Jamajski przepis na sukces: Marlon James

LubimyCzytać LubimyCzytać
23.10.2015

Jego pierwszą powieść odrzucono 78 razy. Chciał się poddać i zarzucić pisanie. Wyrzucił rękopis, skasował tekst ze swojego laptopa, a nawet z komputerów przyjaciół. Na szczęście zmienił zdanie. Niedawno otrzymał Nagrodę Bookera. Przedstawiamy: Marlon James.

Jamajski przepis na sukces: Marlon James

Był taki czas, kiedy myślałem, że ludziom po prostu nie podobają się historie, które piszę – wspomina 44-letni jamajski pisarz, Marlon James, uhonorowany parę tygodni temu Nagrodą Bookera. Spytany o to, czy rozważał porzucenie pisarstwa, odpowiada: - Nie tylko to rozważałem, faktycznie je porzuciłem. Zniszczyłem rękopis, odwiedziłem nawet przyjaciół i wykasowałem powieść z ich komputerów.

Po pewnym czasie zmienił zdanie. Książkę udało mu się odzyskać, bo znalazł ją w starej skrzynce mailowej.
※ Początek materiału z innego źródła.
(* Let $\vartheta\in(0,1)$, let $c,r$ be positive integers and $\alpha,\beta$ positive integers, and consider the single-agent trust model described in the context. If $\vartheta< c/(c+r)$, then $p_{\rm quit}=\mathbb{P}(\tau<\infty)=1$, i.e. $\tau<\infty$ almost surely.
   Context: Single-agent trust model: $\vartheta$ is the institution's true trustworthiness; $(X_t)_{t\in\mathbb{N}}$ are i.i.d. with $\mathbb{P}(X_t=1)=\vartheta$, $\mathbb{P}(X_t=0)=1-\vartheta$. The agent has actions $A_t\in\{0,1\}$ and observes $X_t$ only in rounds with $A_t=1$. Let $\hat S_t=\sum_{s=1}^t X_s\mathbf{1}_{\{A_s=1\}}$, $\hat F_t=\sum_{s=1}^t(1-X_s)\mathbf{1}_{\{A_s=1\}}$ (so $\hat S_0=\hat F_0=0$), and $\hat\vartheta_t=\frac{\alpha+\hat S_t}{\alpha+\beta+\hat S_t+\hat F_t}$ (the posterior mean under a Beta$(\alpha,\beta)$ prior). The agent acts myopically: $A_t=1$ if $r\hat\vartheta_n-c(1-\hat\vartheta_n)\ge 0$ for all $n\in\{0,1,\dots,t-1\}$, and $A_t=0$ otherwise. The quitting time is $\tau:=\inf\{t\in\mathbb{N}\cup\{\infty\}: r\hat\vartheta_t-c(1-\hat\vartheta_t)<0\}$ and $p_{\rm quit}:=\mathbb{P}(\tau<\infty)$. *)

theory Defs
  imports "HOL-Probability.Probability"
begin

text \<open>Posterior mean under a Beta(alpha, beta) prior after S successes and F failures.\<close>
definition post_mean :: "real \<Rightarrow> real \<Rightarrow> real \<Rightarrow> real \<Rightarrow> real" where
  "post_mean \<alpha> \<beta> S F = (\<alpha> + S) / (\<alpha> + \<beta> + S + F)"

definition trusts :: "real \<Rightarrow> real \<Rightarrow> real \<Rightarrow> bool" where
  "trusts r c \<theta> \<longleftrightarrow> r * \<theta> - c * (1 - \<theta>) \<ge> 0"

text \<open>History of observed counts along a sample path x (x s = True means X_s = 1):
  hist ... t = [(S_0,F_0), ..., (S_t,F_t)].  In round t+1 the agent acts
  (A_{t+1} = 1) iff the trust condition holds at every n in {0..t}; only then is
  X_{t+1} observed and added to the counts.\<close>
fun hist :: "real \<Rightarrow> real \<Rightarrow> real \<Rightarrow> real \<Rightarrow> (nat \<Rightarrow> bool) \<Rightarrow> nat \<Rightarrow> (real \<times> real) list" where
  "hist \<alpha> \<beta> r c x 0 = [(0, 0)]"
| "hist \<alpha> \<beta> r c x (Suc t) =
     (let H = hist \<alpha> \<beta> r c x t;
          A = (\<forall>n < length H. trusts r c (post_mean \<alpha> \<beta> (fst (H ! n)) (snd (H ! n))));
          SF = last H
      in H @ [if A then (fst SF + (if x (Suc t) then 1 else 0), snd SF + (if x (Suc t) then 0 else 1))
              else SF])"

definition theta_hat :: "real \<Rightarrow> real \<Rightarrow> real \<Rightarrow> real \<Rightarrow> (nat \<Rightarrow> bool) \<Rightarrow> nat \<Rightarrow> real" where
  "theta_hat \<alpha> \<beta> r c x t =
     (let SF = hist \<alpha> \<beta> r c x t ! t in post_mean \<alpha> \<beta> (fst SF) (snd SF))"

text \<open>Quitting time tau in N \<union> {\<infinity>} (infimum of the empty set is \<infinity>).\<close>
definition quit_time :: "real \<Rightarrow> real \<Rightarrow> real \<Rightarrow> real \<Rightarrow> (nat \<Rightarrow> bool) \<Rightarrow> enat" where
  "quit_time \<alpha> \<beta> r c x = Inf {enat t | t. \<not> trusts r c (theta_hat \<alpha> \<beta> r c x t)}"

end

theory Submission
  imports Defs "HOL-Real_Asymp.Real_Asymp"
begin

text \<open>
  As long as the agent trusts, it acts in every round and so observes every \<open>X\<^sub>t\<close>; hence
  \<open>\<tau> = \<infinity>\<close> means that the full-sample posterior mean \<open>(\<alpha> + S\<^sub>n) / (\<alpha> + \<beta> + n)\<close>,
  with \<open>S\<^sub>n = X\<^sub>1 + \<dots> + X\<^sub>n\<close>, stays at or above \<open>q = c / (c + r)\<close> for every \<open>n\<close>.
  This forces \<open>S\<^sub>n \<ge> q n - \<alpha>\<close>, an upward deviation of order \<open>(q - \<vartheta>) n\<close> from the
  mean \<open>\<vartheta> n\<close>, whose probability is at most \<open>exp (-2 ((q - \<vartheta>) n - \<alpha>)\<^sup>2 / n) \<longrightarrow> 0\<close>
  by Hoeffding's inequality.
\<close>

definition successes :: "(nat \<Rightarrow> bool) \<Rightarrow> nat \<Rightarrow> real" where
  "successes x t = (\<Sum>s=1..t. of_bool (x s))"

lemma successes_Suc: "successes x (Suc t) = successes x t + of_bool (x (Suc t))"
  by (simp add: successes_def)

lemma hist_eq_successes:
  assumes "\<forall>n<t. trusts r c (post_mean \<alpha> \<beta> (successes x n) (real n - successes x n))"
  shows "hist \<alpha> \<beta> r c x t = map (\<lambda>n. (successes x n, real n - successes x n)) [0..<Suc t]"
  using assms
proof (induction t)
  case 0
  then show ?case by (simp add: successes_def)
next
  case (Suc t)
  then have "hist \<alpha> \<beta> r c x t = map (\<lambda>n. (successes x n, real n - successes x n)) [0..<Suc t]"
    by simp
  with Suc.prems show ?case
    by (simp add: Let_def nth_append del: upt_Suc) (simp add: successes_Suc)
qed

lemma theta_hat_eq_successes:
  assumes "\<forall>n<t. trusts r c (post_mean \<alpha> \<beta> (successes x n) (real n - successes x n))"
  shows "theta_hat \<alpha> \<beta> r c x t = post_mean \<alpha> \<beta> (successes x t) (real t - successes x t)"
  using hist_eq_successes[OF assms] by (simp add: theta_hat_def del: upt_Suc)

lemma quit_time_finite_iff:
  "quit_time \<alpha> \<beta> r c x < \<infinity> \<longleftrightarrow> (\<exists>t. \<not> trusts r c (theta_hat \<alpha> \<beta> r c x t))"
proof
  assume "quit_time \<alpha> \<beta> r c x < \<infinity>"
  then have "{enat t | t. \<not> trusts r c (theta_hat \<alpha> \<beta> r c x t)} \<noteq> {}"
    unfolding quit_time_def by (metis Inf_empty less_irrefl top_enat_def)
  then show "\<exists>t. \<not> trusts r c (theta_hat \<alpha> \<beta> r c x t)"
    by blast
next
  assume "\<exists>t. \<not> trusts r c (theta_hat \<alpha> \<beta> r c x t)"
  then obtain t where "quit_time \<alpha> \<beta> r c x \<le> enat t"
    unfolding quit_time_def by (blast intro: Inf_lower)
  then show "quit_time \<alpha> \<beta> r c x < \<infinity>"
    using enat_ord_simps(4) order_le_less_trans by blast
qed

lemma quit_time_finite_iff_successes:
  "quit_time \<alpha> \<beta> r c x < \<infinity> \<longleftrightarrow>
     (\<exists>t. \<not> trusts r c (post_mean \<alpha> \<beta> (successes x t) (real t - successes x t)))"
proof -
  have "(\<forall>t. trusts r c (theta_hat \<alpha> \<beta> r c x t)) \<longleftrightarrow>
        (\<forall>t. trusts r c (post_mean \<alpha> \<beta> (successes x t) (real t - successes x t)))"
  proof
    assume all_trust: "\<forall>t. trusts r c (theta_hat \<alpha> \<beta> r c x t)"
    show "\<forall>t. trusts r c (post_mean \<alpha> \<beta> (successes x t) (real t - successes x t))"
    proof
      fix t show "trusts r c (post_mean \<alpha> \<beta> (successes x t) (real t - successes x t))"
        by (induction t rule: less_induct) (metis all_trust theta_hat_eq_successes)
    qed
  qed (simp add: theta_hat_eq_successes)
  then show ?thesis
    unfolding quit_time_finite_iff by blast
qed

lemma trusts_iff_threshold:
  assumes "0 < c + r"
  shows "trusts r c \<theta> \<longleftrightarrow> c / (c + r) \<le> \<theta>"
  using assms by (simp add: trusts_def field_simps)

lemma quit_time_finite_iff_posterior_below:
  assumes "0 < c + r"
  shows "quit_time \<alpha> \<beta> r c x < \<infinity> \<longleftrightarrow>
    (\<exists>t. (\<alpha> + successes x t) / (\<alpha> + \<beta> + real t) < c / (c + r))"
  unfolding quit_time_finite_iff_successes trusts_iff_threshold[OF assms]
  by (simp add: post_mean_def not_le add.assoc)

lemma (in prob_space) prob_partial_sum_ge:
  fixes Y :: "nat \<Rightarrow> 'a \<Rightarrow> real"
  assumes "indep_vars (\<lambda>_. borel) Y {1..n}"
    and "\<And>i. i \<in> {1..n} \<Longrightarrow> AE \<omega> in M. Y i \<omega> \<in> {0..1}"
    and mean: "\<And>i. i \<in> {1..n} \<Longrightarrow> expectation (Y i) = p"
    and "n \<ge> 1" and "\<epsilon> \<ge> 0"
  shows "prob {\<omega> \<in> space M. real n * p + \<epsilon> \<le> (\<Sum>i=1..n. Y i \<omega>)} \<le> exp (-2 * \<epsilon>\<^sup>2 / real n)"
proof -
  interpret Hoeffding_ineq M "{1..n}" Y "\<lambda>_. 0" "\<lambda>_. 1" "\<Sum>i=1..n. expectation (Y i)"
    by unfold_locales (use assms in auto)
  show ?thesis
    using Hoeffding_ineq_ge[OF \<open>\<epsilon> \<ge> 0\<close>] \<open>n \<ge> 1\<close> by (simp add: mean)
qed

lemma (in prob_space) AE_partial_sum_below_line:
  fixes Y :: "nat \<Rightarrow> 'a \<Rightarrow> real"
  assumes indep: "indep_vars (\<lambda>_. borel) Y {1..}"
    and bounded: "\<And>i. i \<ge> 1 \<Longrightarrow> AE \<omega> in M. Y i \<omega> \<in> {0..1}"
    and mean: "\<And>i. i \<ge> 1 \<Longrightarrow> expectation (Y i) = p"
    and "p < q"
  shows "AE \<omega> in M. \<exists>n. (\<Sum>i=1..n. Y i \<omega>) < q * real n - a"
proof -
  define N where "N = {\<omega> \<in> space M. \<forall>n. q * real n - a \<le> (\<Sum>i=1..n. Y i \<omega>)}"
  have [measurable]: "Y i \<in> borel_measurable M" if "i \<ge> 1" for i
    using indep that unfolding indep_vars_def by auto
  have "N \<in> events"
    unfolding N_def by measurable
  have tail_bound: "prob N \<le> exp (-2 * ((q - p) * real n - a)\<^sup>2 / real n)"
    if "n \<ge> 1" and "a \<le> (q - p) * real n" for n
  proof -
    have "N \<subseteq> {\<omega> \<in> space M. real n * p + ((q - p) * real n - a) \<le> (\<Sum>i=1..n. Y i \<omega>)}"
      unfolding N_def by (auto simp: algebra_simps)
    then have "prob N \<le> prob {\<omega> \<in> space M. real n * p + ((q - p) * real n - a) \<le> (\<Sum>i=1..n. Y i \<omega>)}"
      by (intro finite_measure_mono) measurable
    also have "\<dots> \<le> exp (-2 * ((q - p) * real n - a)\<^sup>2 / real n)"
      using indep bounded mean that
      by (intro prob_partial_sum_ge) (auto elim: indep_vars_subset)
    finally show ?thesis .
  qed
  have "(\<lambda>n. exp (-2 * ((q - p) * real n - a)\<^sup>2 / real n)) \<longlonglongrightarrow> 0"
    using \<open>p < q\<close> by real_asymp
  moreover have "eventually (\<lambda>n. prob N \<le> exp (-2 * ((q - p) * real n - a)\<^sup>2 / real n)) sequentially"
  proof -
    have "eventually (\<lambda>n. a \<le> (q - p) * real n) sequentially"
      using \<open>p < q\<close> by real_asymp
    then show ?thesis
      using eventually_ge_at_top[of 1] by eventually_elim (rule tail_bound)
  qed
  ultimately have "prob N \<le> 0"
    by (rule tendsto_lowerbound) simp
  then have "N \<in> null_sets M"
    using \<open>N \<in> events\<close> by (simp add: emeasure_eq_measure measure_le_0_iff null_setsI)
  then show ?thesis
    by (rule AE_I') (auto simp: N_def not_less)
qed


lemma (in prob_space) expectation_of_bool:
  "expectation (\<lambda>\<omega>. of_bool (P \<omega>)) = prob {\<omega> \<in> space M. P \<omega>}"
proof -
  have "expectation (\<lambda>\<omega>. of_bool (P \<omega>)) = expectation (indicator {\<omega>. P \<omega>})"
    by (simp add: indicator_def[abs_def])
  also have "\<dots> = prob ({\<omega>. P \<omega>} \<inter> space M)"
    by (rule Bochner_Integration.integral_indicator)
  also have "{\<omega>. P \<omega>} \<inter> space M = {\<omega> \<in> space M. P \<omega>}"
    by blast
  finally show ?thesis .
qed

lemma (in prob_space) AE_posterior_mean_eventually_below:
  fixes X :: "nat \<Rightarrow> 'a \<Rightarrow> bool"
  assumes indep: "indep_vars (\<lambda>_. count_space UNIV) X {1..}"
    and success_prob: "\<And>t. t \<ge> 1 \<Longrightarrow> prob {\<omega> \<in> space M. X t \<omega>} = p"
    and "p < q" and "0 \<le> a" and "0 \<le> b"
  shows "AE \<omega> in M. \<exists>t. (a + successes (\<lambda>t. X t \<omega>) t) / (a + b + real t) < q"
proof -
  have "indep_vars (\<lambda>_. borel) (\<lambda>t \<omega>. of_bool (X t \<omega>)) {1..}"
    using indep by (rule indep_vars_compose2) simp
  then have "AE \<omega> in M. \<exists>n. successes (\<lambda>t. X t \<omega>) n < q * real n - a"
    unfolding successes_def using success_prob \<open>p < q\<close>
    by (intro AE_partial_sum_below_line) (auto simp: expectation_of_bool)
  then show ?thesis
  proof eventually_elim
    case (elim \<omega>)
    then obtain n where below: "a + successes (\<lambda>t. X t \<omega>) n < q * real n"
      by (auto simp: algebra_simps)
    have "0 \<le> successes (\<lambda>t. X t \<omega>) n"
      by (simp add: successes_def sum_nonneg)
    with below \<open>0 \<le> a\<close> have "0 < q * real n"
      by linarith
    then have "0 < q" and "0 < real n"
      by (auto simp: zero_less_mult_iff)
    then have "q * real n \<le> q * (a + b + real n)"
      using \<open>0 \<le> a\<close> \<open>0 \<le> b\<close> by (intro mult_left_mono) simp_all
    with below have "a + successes (\<lambda>t. X t \<omega>) n < q * (a + b + real n)"
      by linarith
    with \<open>0 \<le> a\<close> \<open>0 \<le> b\<close> \<open>0 < real n\<close> show ?case
      by (auto simp: divide_less_eq)
  qed
qed

theorem lemma3p1:
  fixes M :: "'a measure" and X :: "nat \<Rightarrow> 'a \<Rightarrow> bool"
    and p :: real and c r \<alpha> \<beta> :: nat
  assumes "prob_space M"
    and "\<And>t. t \<ge> 1 \<Longrightarrow> X t \<in> measurable M (count_space UNIV)"
    and "prob_space.indep_vars M (\<lambda>_. count_space UNIV) X {1..}"
    and "\<And>t. t \<ge> 1 \<Longrightarrow> measure M {\<omega> \<in> space M. X t \<omega>} = p"
    and "0 < p" and "p < 1"
    and "0 < c" and "0 < r" and "0 < \<alpha>" and "0 < \<beta>"
    and "p < real c / (real c + real r)"
  shows "measure M {\<omega> \<in> space M.
           quit_time (real \<alpha>) (real \<beta>) (real r) (real c) (\<lambda>t. X t \<omega>) < \<infinity>} = 1"
proof -
  interpret prob_space M by fact
  have [measurable]: "(\<lambda>\<omega>. successes (\<lambda>t. X t \<omega>) t) \<in> borel_measurable M" for t
    unfolding successes_def using assms(2) by (intro borel_measurable_sum) simp
  have weights_pos: "0 < real c + real r"
    using \<open>0 < c\<close> by simp
  have "AE \<omega> in M. \<exists>t. (real \<alpha> + successes (\<lambda>t. X t \<omega>) t) / (real \<alpha> + real \<beta> + real t)
      < real c / (real c + real r)"
    using assms(3,4,11) by (rule AE_posterior_mean_eventually_below) simp_all
  then show ?thesis
    unfolding quit_time_finite_iff_posterior_below[OF weights_pos] by (subst prob_Collect_eq_1) measurable
qed

end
Wysłał ją po raz kolejny do wydawnictwa i tym razem została przyjęta do druku.

Zapytany o to, kiedy zdecydował, że chce zostać pisarzem, odpowiada:

To była trudna decyzja – zwłaszcza na Jamajce, gdzie nie można po prostu wstać i oświadczyć: od teraz będę pisarzem. Moje pokolenie to ludzie, którzy jeszcze myśleli w kategoriach „musisz zostać prawnikiem” lub „musisz być lekarzem”. Nawet po ukazaniu się mojej pierwszej książki [„John's Crow's Devil”], jeszcze nie zdecydowałem, że zajmę się na poważnie pisaniem. Dopiero gdy napisałem drugą [„The Book of Night Women”], doszedłem do wniosku, że nie mogę robić nic innego. Do takiego wniosku dochodzi się, gdy zadasz sobie pytanie: kim mógłbyś być, gdybyś nie był pisarzem, i nie wiesz. Ja nie miałem żadnego innego pomysłu. Nie istnieje dla mnie nic innego.

Marlon James wciąż jeszcze pracuje jako wykładowca literatury w Macalester College w St. Paul w Minnesocie. Znajomi mówią, że jest zabawny i lubi plotkować, ale w pozytywny sposób. Colin Channer, jeden z założycieli jamajskiego festiwalu literackiego Calabash, podkreśla jednak: Bardziej niż cokolwiek innego kocha czytać. Jest uzależniony od książek.

Jest pierwszym jamajskim pisarzem, który dostał Bookera. Wyróżnienie przyznano mu za powieść A Brief History of Seven Killings, nazwaną przez jurorów bezkompromisową opowieścią o próbie zabójstwa Boba Marleya w 1976 roku.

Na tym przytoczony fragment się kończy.